The first option is to drop the S-bit I propose and have sequence numbers be 16 bits always. I'd be sad that we lost the small optimization, but that isn't the end of the world.

Perhaps a better option is to drop the second epoch bit. This seems like a bad idea because you potentially have multiple epochs inbound to a server during a 0-RTT handshake. In that case, you have to distinguish between ClientHello (001 or 0011 would work for that), 0-RTT (epoch 1), Handshake (epoch 2), and the ultimate Application Data (epoch 3). If you only have one bit of epoch, then 1 and 3 are indistinguishable.

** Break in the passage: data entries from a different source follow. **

(* Let $\mathcal{G}$ be a family of nonatomic routing problems with homogeneous users and let $T$ be an incentive mechanism on $L(\mathcal{G})$. For $\lambda>0$ define the incentive mechanism $T_\lambda(\ell)=\lambda T(\ell)+(\lambda-1)\ell$ for $\ell\in L(\mathcal{G})$. Then $\mathrm{PoA}(\mathcal{G},T)=\mathrm{PoA}(\mathcal{G},T_\lambda)$.
   Context: A routing problem $G$ consists of a directed graph $(V,E)$, origin–destination pairs $(o_i,d_i)$ with traffic masses $r_i>0$, $\sum_i r_i=1$, and for each edge $e$ a nonnegative nondecreasing latency function $\ell_e$. Let $\mathcal{P}_i$ be the set of simple $o_i$–$d_i$ paths. A flow assigns mass $f_P\ge0$ to each path, is feasible if $\sum_{P\in\mathcal{P}_i}f_P=r_i$, and has edge flows $f_e=\sum_{P\ni e}f_P$; its total latency is $\mathcal{L}(f)=\sum_e f_e\ell_e(f_e)$, and $\mathcal{L}^{\mathrm{opt}}(G)$ is the minimum over feasible flows. Users form a continuum $N=\bigcup_iN_i$ of disjoint intervals of Lebesgue measure $r_i$; users in $N_i$ choose paths in $\mathcal{P}_i$. For a family $\mathcal{G}$, $L(\mathcal{G})$ is the set of latency functions occurring in it. An incentive mechanism $T$ assigns to each $\ell\in L(\mathcal{G})$ a function $T(\ell):[0,1]\to\mathbb{R}$; edge $e$ receives $\tau_e=T(\ell_e)$. With homogeneous users, a user $x\in N_i$ on path $P$ under flow $f$ has cost $J_x(P,f)=\sum_{e\in P}(\ell_e(f_e)+\tau_e(f_e))$; a Nash flow is a feasible flow in which every user uses a cost-minimizing path in $\mathcal{P}_i$. $\mathcal{L}^{\mathrm{Nash}}(G,T)$ is the highest total latency of a Nash flow, and $\mathrm{PoA}(\mathcal{G},T)=\sup_{G\in\mathcal{G}}\mathcal{L}^{\mathrm{Nash}}(G,T)/\mathcal{L}^{\mathrm{opt}}(G)$. *)

theory Defs
  imports "HOL-Analysis.Analysis" "HOL-Library.Extended_Real"
begin

record ('v, 'e) routing =
  verts :: "'v set"
  edges :: "'e set"
  tail  :: "'e \<Rightarrow> 'v"
  head  :: "'e \<Rightarrow> 'v"
  comms :: "nat set"
  orig  :: "nat \<Rightarrow> 'v"
  dest  :: "nat \<Rightarrow> 'v"
  mass  :: "nat \<Rightarrow> real"
  lat   :: "'e \<Rightarrow> real \<Rightarrow> real"

definition wf_routing :: "('v, 'e) routing \<Rightarrow> bool" where
  "wf_routing G \<longleftrightarrow>
     finite (verts G) \<and> finite (edges G) \<and>
     (\<forall>e\<in>edges G. tail G e \<in> verts G \<and> head G e \<in> verts G) \<and>
     finite (comms G) \<and> comms G \<noteq> {} \<and>
     (\<forall>i\<in>comms G. orig G i \<in> verts G \<and> dest G i \<in> verts G \<and> mass G i > 0) \<and>
     (\<Sum>i\<in>comms G. mass G i) = 1 \<and>
     (\<forall>e\<in>edges G. (\<forall>x\<ge>0. lat G e x \<ge> 0) \<and> mono_on {0..} (lat G e))"

definition simple_path :: "('v, 'e) routing \<Rightarrow> 'v \<Rightarrow> 'v \<Rightarrow> 'e list \<Rightarrow> bool" where
  "simple_path G o' d es \<longleftrightarrow> set es \<subseteq> edges G \<and>
     (\<exists>vs. length vs = Suc (length es) \<and> hd vs = o' \<and> last vs = d \<and> distinct vs \<and>
        set vs \<subseteq> verts G \<and>
        (\<forall>k<length es. tail G (es ! k) = vs ! k \<and> head G (es ! k) = vs ! Suc k))"

definition paths :: "('v, 'e) routing \<Rightarrow> nat \<Rightarrow> 'e list set" where
  "paths G i = {P. simple_path G (orig G i) (dest G i) P}"

type_synonym 'e flow = "nat \<Rightarrow> 'e list \<Rightarrow> real"

definition feasible :: "('v, 'e) routing \<Rightarrow> 'e flow \<Rightarrow> bool" where
  "feasible G f \<longleftrightarrow>
     (\<forall>i P. f i P \<ge> 0) \<and>
     (\<forall>i P. (i \<notin> comms G \<or> P \<notin> paths G i) \<longrightarrow> f i P = 0) \<and>
     (\<forall>i\<in>comms G. (\<Sum>P\<in>paths G i. f i P) = mass G i)"

definition edge_flow :: "('v, 'e) routing \<Rightarrow> 'e flow \<Rightarrow> 'e \<Rightarrow> real" where
  "edge_flow G f e = (\<Sum>i\<in>comms G. \<Sum>P\<in>{P\<in>paths G i. e \<in> set P}. f i P)"

definition total_latency :: "('v, 'e) routing \<Rightarrow> 'e flow \<Rightarrow> real" where
  "total_latency G f = (\<Sum>e\<in>edges G. edge_flow G f e * lat G e (edge_flow G f e))"

definition L_opt :: "('v, 'e) routing \<Rightarrow> ereal" where
  "L_opt G = (INF f\<in>{f. feasible G f}. ereal (total_latency G f))"

text \<open>An incentive mechanism maps latency functions to incentive functions;
  edge e receives T (lat G e).\<close>
type_synonym mechanism = "(real \<Rightarrow> real) \<Rightarrow> (real \<Rightarrow> real)"

definition path_cost :: "('v, 'e) routing \<Rightarrow> mechanism \<Rightarrow> 'e flow \<Rightarrow> 'e list \<Rightarrow> real" where
  "path_cost G T f P =
     (\<Sum>e\<in>set P. lat G e (edge_flow G f e) + T (lat G e) (edge_flow G f e))"

definition nash_flow :: "('v, 'e) routing \<Rightarrow> mechanism \<Rightarrow> 'e flow \<Rightarrow> bool" where
  "nash_flow G T f \<longleftrightarrow> feasible G f \<and>
     (\<forall>i\<in>comms G. \<forall>P\<in>paths G i. f i P > 0 \<longrightarrow>
        (\<forall>Q\<in>paths G i. path_cost G T f P \<le> path_cost G T f Q))"

definition L_nash :: "('v, 'e) routing \<Rightarrow> mechanism \<Rightarrow> ereal" where
  "L_nash G T = (SUP f\<in>{f. nash_flow G T f}. ereal (total_latency G f))"

definition PoA :: "('v, 'e) routing set \<Rightarrow> mechanism \<Rightarrow> ereal" where
  "PoA \<G> T = (SUP G\<in>\<G>. L_nash G T / L_opt G)"

definition scaled_mech :: "real \<Rightarrow> mechanism \<Rightarrow> mechanism" where
  "scaled_mech c T = (\<lambda>l x. c * T l x + (c - 1) * l x)"

end

theory Submission
  imports Defs
begin

text \<open>Under the scaled mechanism every edge cost \<open>l + T l\<close> becomes \<open>c (l + T l)\<close>, so
  every path cost is multiplied by \<open>c > 0\<close>. Hence both mechanisms have exactly the same
  Nash flows, on every network.\<close>

lemma path_cost_scaled_mech:
  "path_cost G (scaled_mech c T) f P = c * path_cost G T f P"
  unfolding path_cost_def scaled_mech_def sum_distrib_left
  by (rule sum.cong) (simp_all add: algebra_simps)

lemma nash_flow_scaled_mech_iff:
  assumes "c > 0"
  shows "nash_flow G (scaled_mech c T) f \<longleftrightarrow> nash_flow G T f"
  unfolding nash_flow_def path_cost_scaled_mech using assms by simp

lemma L_nash_scaled_mech:
  assumes "c > 0"
  shows "L_nash G (scaled_mech c T) = L_nash G T"
  unfolding L_nash_def nash_flow_scaled_mech_iff[OF assms] ..

theorem lemma1:
  fixes \<G> :: "('v, 'e) routing set" and T :: mechanism and c :: real
  assumes "\<forall>G\<in>\<G>. wf_routing G"
    and "c > 0"
  shows "PoA \<G> T = PoA \<G> (scaled_mech c T)"
  unfolding PoA_def L_nash_scaled_mech[OF assms(2)] ..

end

However, if you look at the way we handle 0-RTT in stacks, it might be OK to allow those late-arriving 0-RTT records to be dropped. For instance, NSS processes 0-RTT and handshake linearly. We don't read the Finished until we have the EndOfEarlyData, and as soon as we process the EOED, we stop accepting new 0-RTT. Part of the reason for this is that once we report handshake success, we don't provide any other signal to an application about the data it receives. So, for NSS, dropping 0-RTT when 1-RTT is available wouldn't change anything for us.

The final option is to not worry about this. The codepoints are there to use. The number of public bits we have is small, and we don't need to signal content type in the clear any more. As I suggested in discussing tlswg/dtls-conn-id#11, perhaps the right answer is to backport the TLS 1.3 record format to DTLS 1.2 and use only one codepoint.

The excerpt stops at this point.